Streat Thelma Johnson dancing

Thelma Johnson Streat

b. 1911, Yakima, WA - d. 1959, Los Angeles, CA

Born in 1911 in Yakima, Washington, Thelma Johnson Streat spent much of her childhood in cities in Oregon and Idaho. These early years had a profound and lasting influence upon Streat’s artistic practices and production. Driven by a sense of pride in her family’s African American identity and a fascination with the rich indigenous traditions of the Northwest, Streat held a lifelong commitment to forging cross-cultural influences in her work. Streat displayed a prodigious talent from a young age: she began painting at seven and, at the age of seventeen, exhibited with the Oregon Federation of Colored Women and at a Harmon Foundation Exhibition in New York, where she won an Honorable Mention for her painting A Priest. After graduation from Washington High School in Portland in 1932, Streat embarked on a career as a professional artist and pursued additional training at the Art Museum School in Portland (1934-35) and at the University of Oregon in Eugene (1935-36). She exhibited her early work—mostly portraiture and representational in style—frequently at local venues and in a second Harmon Foundation exhibition at the New York Public Library. Her first major success as a professional artist came with the sale of four paintings to the famous African American singer, Roland Hayes.

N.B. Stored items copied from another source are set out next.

lemma prob_S_tot_minus_Max_small_div_cN_tendsto_0:
  assumes pos: "\<And>N. N \<ge> 1 \<Longrightarrow> set_pmf (q N) \<subseteq> {1..}"
    and c: "(\<lambda>N. cN N (q N)) \<longlonglongrightarrow> 0"
  shows "(\<lambda>N. measure_pmf.prob (offspring N (q N))
    {x. real (S_tot N x) - real (Max_off N x) < 1/8 * real (med N (q N))} / cN N (q N)) \<longlonglongrightarrow> 0"
    (is "?f \<longlonglongrightarrow> 0")
proof -
  define K :: real where "K = 576"
  have "eventually (\<lambda>N. cN N (q N) \<le> 1/2400) sequentially"
    using order_tendstoD(2)[OF c, of "1/2400"] by (auto elim: eventually_mono)
  moreover have "eventually (\<lambda>N. 4 \<le> N) sequentially" by (rule eventually_ge_at_top)
  ultimately have bounds: "eventually (\<lambda>N. 0 \<le> ?f N \<and> ?f N \<le> 4 * K^2 * cN N (q N)) sequentially"
  proof eventually_elim
    case (elim N)
    interpret cannings_law N "q N" using elim pos by unfold_locales auto
    show ?case
    proof (cases "cN N (q N) = 0")
      case False
      hence c_pos: "0 < cN N (q N)" using cN_nonneg[OF two_le_N offspring_pos] by simp
      have "?f N \<le> exp (- 1 / (K * cN N (q N))) / cN N (q N)"
        using prob_S_tot_minus_Max_small elim c_pos by (intro divide_right_mono) (auto simp: K_def)
      also have "\<dots> \<le> 4 * K^2 * cN N (q N)"
        using c_pos by (intro exp_neg_inverse_div_le) (auto simp: K_def)
      finally show ?thesis using c_pos by simp
    qed simp
  qed
  show ?thesis
  proof (rule tendsto_sandwich[of "\<lambda>_. 0" _ _ "\<lambda>N. 4 * K^2 * cN N (q N)"])
    show "eventually (\<lambda>N. 0 \<le> ?f N) sequentially" "eventually (\<lambda>N. ?f N \<le> 4 * K^2 * cN N (q N)) sequentially"
      using bounds by (auto elim: eventually_mono)
    show "(\<lambda>N. 4 * K^2 * cN N (q N)) \<longlonglongrightarrow> 0"
      using tendsto_mult_right_zero[OF c, of "4 * K^2"] .
  qed simp
qed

Thelma married Romaine Virgil Streat in 1935; in 1938 the couple moved to San Francisco, where Thelma worked with the WPA alongside sculptor Sargent Johnson and Ruben Kadish. In the late 1930s, Streat began to receive attention on a national level from showings of her work at galleries in Portland and San Francisco and at the San Francisco Museum of Art, as well as in African American exhibitions including the American Negro Exposition in Chicago in 1940. That same year she participated in the interactive exhibit Art in Action at the Golden Gate International Exposition, where she assisted muralist Diego Rivera with the Pan-American Unity mural. Streat’s contact with Rivera was a further catalyst for her interest in and, ultimately, her standard for multiculturalism that lasted throughout her career. Exhibitions of her works at Stendahl Galleries in Los Angeles (1940), the M.H. de Young Museum in San Francisco (1941), the Raymond & Raymond Gallery in New York (1942), the Art Institute of Chicago (1943), and the influential Little Gallery in Los Angeles, owned by actor Vincent Price (1943), resulted in increased visibility, critical recognition, and sales of her works. In 1942, Streat became the first African American woman to have a painting purchased by the Museum of Modern Art in New York. The painting, Rabbit Man, reveals the convergence of influences on Streat’s work in its abstracted symbolic imagery, stylistic elements drawn from Northwest Coast indigenous art, and African American facial features. At a time when many American painters were turning to European modernism and African art for inspiration, Streat’s incorporation of elements from African, Mexican, and Canadian artists distinguished her.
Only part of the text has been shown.